There are two tracks to take when modernizing Shakespeare. The first, demonstrated by What You Will’s Tempest, is to change the setting, but keep the original language. The second, demonstrated by the Celebration Company at the Station Theatre’s production of The Bomb-itty of Errors, is to use the original play as a starting point, and make something new from it.
What You Will’s Tempest sets the action in the fascist Italy of the 1930s. Prospero has been forced out by a coup, as in the original, and exiled to an island. Directors Caitlin Megginson and Brian Falbo tried to draw out questions on the nature of power as Prospero gets the upper hand over his tormentors. He slowly becomes more fascist and vengeful and is redeemed at the end by the wedding of his daughter and the son of his opponents. Megginson and Falbo chose to show this transformation through costume, with Prospero’s cloths becoming increasingly like the uniforms of the fascists.

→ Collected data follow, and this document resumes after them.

(* Let $S$ be a numerical semigroup with $\mathrm{msg}(S)=\{n_1<n_2<\cdots<n_e<n_{e+1}\}$, where $e\geq 2$, and let $S'=\langle n_1,n_2,\ldots,n_e\rangle$ with $\mathrm{Ap}(S',n_1)=\{w'(0),w'(1),\ldots,w'(n_1-1)\}$, where $w'(i)$ is the least element of $S'$ congruent to $i$ modulo $n_1$. Then $S$ is a MANS-semigroup if and only if all of the following hold: (1) $S'$ is a MANS-semigroup; (2) $n_e \bmod n_1 < n_{e+1}\bmod n_1$; (3) $w'(n_{e+1}\bmod n_1-1)<n_{e+1}<w'(n_{e+1}\bmod n_1)$.
   Context: $\mathbb{N}=\{0,1,2,\ldots\}$. A numerical semigroup is a subset $S\subseteq\mathbb{N}$ closed under addition, containing $0$, with $\mathbb{N}\setminus S$ finite. $\langle A\rangle$ denotes the submonoid of $(\mathbb{N},+)$ generated by $A$. $\mathrm{msg}(S)$ is the (unique, finite) minimal system of generators of $S$. The multiplicity $\mathrm{m}(S)$ is the least element of $S\setminus\{0\}$. For $n\in S\setminus\{0\}$, $\mathrm{Ap}(S,n)=\{s\in S: s-n\notin S\}=\{w(0),\ldots,w(n-1)\}$ with $w(i)$ the least element of $S$ congruent to $i$ modulo $n$. $S$ is a MANS-semigroup if $w(1)<w(2)<\cdots<w(\mathrm{m}(S)-1)$ for the elements $w(i)$ of $\mathrm{Ap}(S,\mathrm{m}(S))$. $a\bmod b$ is the remainder of the division of $a$ by $b$. *)

theory Defs
  imports Main
begin

inductive_set gen :: "nat set \<Rightarrow> nat set" for A :: "nat set" where
  gen_zero: "0 \<in> gen A"
| gen_add: "a \<in> A \<Longrightarrow> x \<in> gen A \<Longrightarrow> a + x \<in> gen A"

definition numerical_semigroup :: "nat set \<Rightarrow> bool" where
  "numerical_semigroup S \<longleftrightarrow> 0 \<in> S \<and> (\<forall>a\<in>S. \<forall>b\<in>S. a + b \<in> S) \<and> finite (UNIV - S)"

definition msg :: "nat set \<Rightarrow> nat set" where
  "msg S = (THE A. gen A = S \<and> (\<forall>B. B \<subset> A \<longrightarrow> gen B \<noteq> S))"

definition multiplicity :: "nat set \<Rightarrow> nat" where
  "multiplicity S = (LEAST x. x \<in> S \<and> x \<noteq> 0)"

definition apery_w :: "nat set \<Rightarrow> nat \<Rightarrow> nat \<Rightarrow> nat" where
  "apery_w S n i = (LEAST s. s \<in> S \<and> s mod n = i mod n)"

definition Apery :: "nat set \<Rightarrow> nat \<Rightarrow> nat set" where
  "Apery S n = {s \<in> S. \<not> (n \<le> s \<and> s - n \<in> S)}"

definition MANS :: "nat set \<Rightarrow> bool" where
  "MANS S \<longleftrightarrow> numerical_semigroup S \<and>
     (\<forall>i j. 1 \<le> i \<longrightarrow> i < j \<longrightarrow> j \<le> multiplicity S - 1 \<longrightarrow>
        apery_w S (multiplicity S) i < apery_w S (multiplicity S) j)"

end

theory Submission
  imports Defs
begin

text \<open>
  Let \<open>m = n\<^sub>1\<close> and \<open>a = n\<^bsub>e+1\<^esub>\<close>. For a numerical semigroup \<open>T\<close> of multiplicity
  \<open>m\<close>, the MANS property \<open>w(i - 1) < w(i)\<close> (\<open>2 \<le> i < m\<close>) is equivalent to a descent
  condition: every \<open>s \<in> T\<close> with \<open>s \<not>\<equiv> 0\<close> has some \<open>t \<in> T\<close>, \<open>t < s\<close>, with
  \<open>t + 1 \<equiv> s (mod m)\<close>. This condition is additive, so it suffices to check it on generators.
  Below \<open>a\<close> the semigroups \<open>S\<close> and \<open>S'\<close> coincide, and every generator \<open>g \<noteq> m\<close> of \<open>S\<close> is its own
  Apery element \<open>w(g mod m)\<close>. Hence descent for \<open>S\<close> restricts to \<open>S'\<close> (and \<open>w(1) < a\<close> makes
  \<open>S'\<close> numerical), while descent for \<open>S'\<close> extends to \<open>S\<close> exactly when the new generator \<open>a\<close>
  has a descent witness in \<open>S'\<close>, namely \<open>w'(r - 1) < a\<close> for \<open>r = a mod m\<close>. Condition (2) is
  \<open>w(n\<^sub>e mod m) = n\<^sub>e < a = w(r)\<close> read through monotonicity, and \<open>a < w'(r)\<close> holds because
  \<open>w'(r) \<in> S\<close> is congruent to \<open>a = w(r)\<close> but differs from \<open>a \<notin> S'\<close>.
\<close>

definition submonoid :: "nat set \<Rightarrow> bool" where
  "submonoid S \<longleftrightarrow> 0 \<in> S \<and> (\<forall>a\<in>S. \<forall>b\<in>S. a + b \<in> S)"

lemma numerical_semigroup_iff: "numerical_semigroup S \<longleftrightarrow> submonoid S \<and> finite (UNIV - S)"
  by (auto simp: numerical_semigroup_def submonoid_def)

lemma submonoid_mult_closed: "submonoid S \<Longrightarrow> x \<in> S \<Longrightarrow> k * x \<in> S"
  by (induction k) (auto simp: submonoid_def)

lemma gen_base: "a \<in> A \<Longrightarrow> a \<in> gen A"
  using gen_add[of a A 0] gen_zero by simp

lemma gen_add_closed: "x \<in> gen A \<Longrightarrow> y \<in> gen A \<Longrightarrow> x + y \<in> gen A"
  by (induction x rule: gen.induct) (auto simp: add.assoc intro: gen.intros)

lemma submonoid_gen: "submonoid (gen A)"
  by (auto simp: submonoid_def intro: gen_zero gen_add_closed)

lemma gen_subset:
  assumes "A \<subseteq> S" "submonoid S"
  shows "gen A \<subseteq> S"
proof
  fix x assume "x \<in> gen A"
  then show "x \<in> S"
    by (induction x rule: gen.induct) (use assms in \<open>auto simp: submonoid_def\<close>)
qed

lemma gen_mono: "A \<subseteq> B \<Longrightarrow> gen A \<subseteq> gen B"
  by (meson gen_base gen_subset order.trans subsetI submonoid_gen)

lemma gen_insert_less: "s \<in> gen (insert a B) \<Longrightarrow> s < a \<Longrightarrow> s \<in> gen B"
  by (induction s rule: gen.induct) (auto intro: gen.intros)

lemma gen_nonzero_ge: "s \<in> gen A \<Longrightarrow> s \<noteq> 0 \<Longrightarrow> \<forall>g\<in>A. m \<le> g \<Longrightarrow> m \<le> s"
  by (induction s rule: gen.induct) auto

lemma multiplicity_gen:
  assumes "m \<in> A" "m \<noteq> 0" "\<forall>g\<in>A. m \<le> g"
  shows "multiplicity (gen A) = m"
  unfolding multiplicity_def
  by (rule Least_equality) (use assms gen_base gen_nonzero_ge in auto)

definition irreducibles :: "nat set \<Rightarrow> nat set" where
  "irreducibles S = {s \<in> S. s \<noteq> 0 \<and> \<not> (\<exists>x\<in>S. \<exists>y\<in>S. x \<noteq> 0 \<and> y \<noteq> 0 \<and> s = x + y)}"

lemma gen_irreducibles:
  assumes "submonoid S"
  shows "gen (irreducibles S) = S"
proof
  show "gen (irreducibles S) \<subseteq> S"
    using assms by (intro gen_subset) (auto simp: irreducibles_def)
  have "s \<in> gen (irreducibles S)" if "s \<in> S" for s
    using that
  proof (induction s rule: less_induct)
    case (less s)
    show ?case
    proof (cases "s = 0 \<or> s \<in> irreducibles S")
      case True
      then show ?thesis using gen_base gen_zero by blast
    next
      case False
      then obtain x y where "x \<in> S" "y \<in> S" "x \<noteq> 0" "y \<noteq> 0" "s = x + y"
        using less.prems by (auto simp: irreducibles_def)
      then show ?thesis using less.IH[of x] less.IH[of y] gen_add_closed by simp
    qed
  qed
  then show "S \<subseteq> gen (irreducibles S)" by blast
qed

lemma irreducible_mem_gen_imp_mem:
  assumes "submonoid S" "B \<subseteq> S" "y \<in> gen B" "y \<in> irreducibles S"
  shows "y \<in> B"
  using assms(3,4)
proof (induction y rule: gen.induct)
  case gen_zero
  then show ?case by (simp add: irreducibles_def)
next
  case (gen_add b x)
  have "b \<in> S" "x \<in> S"
    using gen_add.hyps assms(1,2) gen_subset by auto
  then have "b = 0 \<or> x = 0"
    using gen_add.prems by (auto simp: irreducibles_def)
  then show ?case using gen_add by auto
qed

The Celebration Company’s Bombitty of Errors, on the other hand, is a radical departure from its source. Taking the basic story of The Comedy of Errors, director Aaron Matthew Polk led a cast of four in a joyous hip-hop adaptation. Polk says that the production “Stays faithful to the story without staying faithful to the language.” He takes issue with some modernized productions of Shakespeare, calling modernizations “an arms race ... someone’s doing Merchant of Venice in ’20s Chicago or the Tempest in the Deep South, Louisiana.” Polk also feels that adapting, rather than modernizing, Shakespeare brings it back to the common people, Shakespeare’s original audience.
While the methods of these two productions are different, the goals are the same. Both Bomb-itty of Errors director Aaron Matthew Polk and Tempest director Caitlin Megginson wanted to help modern audiences, who might not be as familiar with or as willing to see Shakespeare, get into the Bard. “I feel that modernizing brings it closer to home,” says Megginson, while Polk says that the adaptation he directed makes the play “accessible to a different audience ... those who wouldn’t usually come see Shakespeare.”

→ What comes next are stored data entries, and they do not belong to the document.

(* Let $r\ge2$ be an integer. If a sequence of positive integers $A$ satisfies $A(n)\le\frac{r-1}{140}(\log_2 n)^2$ for all sufficiently large $n$, then $A$ is not $r$-Ramsey complete.
   Context: $A(n)=|A\cap[n]|$ is the number of terms of $A$ that are at most $n$. For a sequence $S$ of positive integers, $\Sigma(S)$ is the set of sums of distinct terms of $S$. A sequence $A$ is $r$-Ramsey complete if, whenever $A$ is partitioned into $r$ classes $A_1,\dots,A_r$, every sufficiently large positive integer lies in $\bigcup_{i}\Sigma(A_i)$. *)

theory Defs
  imports Complex_Main
begin

definition count_upto :: "nat set \<Rightarrow> nat \<Rightarrow> nat" where
  "count_upto A n = card (A \<inter> {1..n})"

definition subsums :: "nat set \<Rightarrow> nat set" where
  "subsums S = {\<Sum>F | F. F \<subseteq> S \<and> finite F}"

definition ramsey_complete :: "nat \<Rightarrow> nat set \<Rightarrow> bool" where
  "ramsey_complete r A \<longleftrightarrow>
     (\<forall>c :: nat \<Rightarrow> nat. (\<forall>a\<in>A. c a < r) \<longrightarrow>
        (\<exists>N. \<forall>n\<ge>N. \<exists>i<r. n \<in> subsums {a \<in> A. c a = i}))"

end

theory Submission
  imports Defs
begin

text \<open>The colouring is built in stages, each responsible for the terms in a block (m, 2^L]
  with L much larger than m. Since A has only O((r - 1) L^2) terms up to 2^L, averaging over
  L in [8D, 16D) gives a scale at which the small terms (32 D a < 2^L) have total size below
  (2/5) p 2^L and the remaining terms up to 2^L have small total weight, a term a weighing
  1 / (1 + D a / 2^L). The small terms are split into p = \<lceil>(r-1)/5\<rceil> classes of sum
  below 2^(L-1) - m^2, the others into q = r - p classes of small weight; by Rankin's
  exponential moment bound each of the latter has at most 2^(7D+2) subsets of sum at most 2^L.
  As the terms up to m contribute at most m^2 to any subsum, a small class cannot reach
  2^(L-1), and fewer than 2^(L-1) numbers are represented using a class of the others; so
  some n in (2^(L-1), 2^L] is represented by no class of any colouring extending the stage.
  Gluing infinitely many stages gives a colouring that leaves arbitrarily large integers
  unrepresented.\<close>

text \<open>Rankin's trick: every counted S has weight exp (\<theta> (t - \<Sum>S)) \<ge> 1, and the
  weights of all subsets of B add up to the product.\<close>

lemma card_subsets_sum_le:
  fixes B :: "nat set" and \<theta> t :: real
  assumes fin: "finite B" and "\<theta> \<ge> 0"
  shows "real (card {S. S \<subseteq> B \<and> real (\<Sum>S) \<le> t}) \<le> exp (\<theta> * t) * (\<Prod>b\<in>B. 1 + exp (- \<theta> * real b))"
proof -
  let ?C = "{S. S \<subseteq> B \<and> real (\<Sum>S) \<le> t}"
  have C: "?C \<subseteq> Pow B" by auto
  have exp_split: "exp (\<theta> * (t - real (\<Sum>S))) = exp (\<theta> * t) * (\<Prod>b\<in>S. exp (- \<theta> * real b))"
    if "S \<in> Pow B" for S
  proof -
    have "finite S" using that fin finite_subset by auto
    then have "(\<Prod>b\<in>S. exp (- \<theta> * real b)) = exp (\<Sum>b\<in>S. - \<theta> * real b)"
      by (simp add: exp_sum)
    also have "\<dots> = exp (- (\<theta> * real (\<Sum>S)))"
      by (simp add: sum_negf sum_distrib_left)
    finally have "(\<Prod>b\<in>S. exp (- \<theta> * real b)) = exp (- (\<theta> * real (\<Sum>S)))" .
    then show ?thesis by (simp add: right_diff_distrib exp_diff exp_minus field_simps)
  qed
  have "real (card ?C) = (\<Sum>S\<in>?C. 1)" by simp
  also have "\<dots> \<le> (\<Sum>S\<in>?C. exp (\<theta> * (t - real (\<Sum>S))))"
    by (rule sum_mono) (use assms in auto)
  also have "\<dots> \<le> (\<Sum>S\<in>Pow B. exp (\<theta> * (t - real (\<Sum>S))))"
    by (rule sum_mono2) (use fin C in auto)
  also have "\<dots> = (\<Sum>S\<in>Pow B. exp (\<theta> * t) * (\<Prod>b\<in>S. exp (- \<theta> * real b)))"
    by (intro sum.cong refl exp_split)
  also have "\<dots> = exp (\<theta> * t) * (\<Sum>S\<in>Pow B. (\<Prod>b\<in>S. exp (- \<theta> * real b)) * (\<Prod>b\<in>B - S. 1))"
    by (simp add: sum_distrib_left)
  also have "\<dots> = exp (\<theta> * t) * (\<Prod>b\<in>B. exp (- \<theta> * real b) + 1)"
    by (simp add: prod_add[OF fin])
  finally show ?thesis by (simp add: add.commute)
qed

There’s certainly no shortage of modern productions of Shakespeare in Champaign-Urbana. From Parkland College’s goofy Tempest adaptation Return to the Forbidden Planet to the Krannert Center’s brooding modernization of Measure for Measure, opportunities abound to experience different takes on Shakespeare. Longtime fans of Shakespeare can rejoice over the range of choices, and people who’ve never seen his plays can get their feet wet and both might learn something in the process.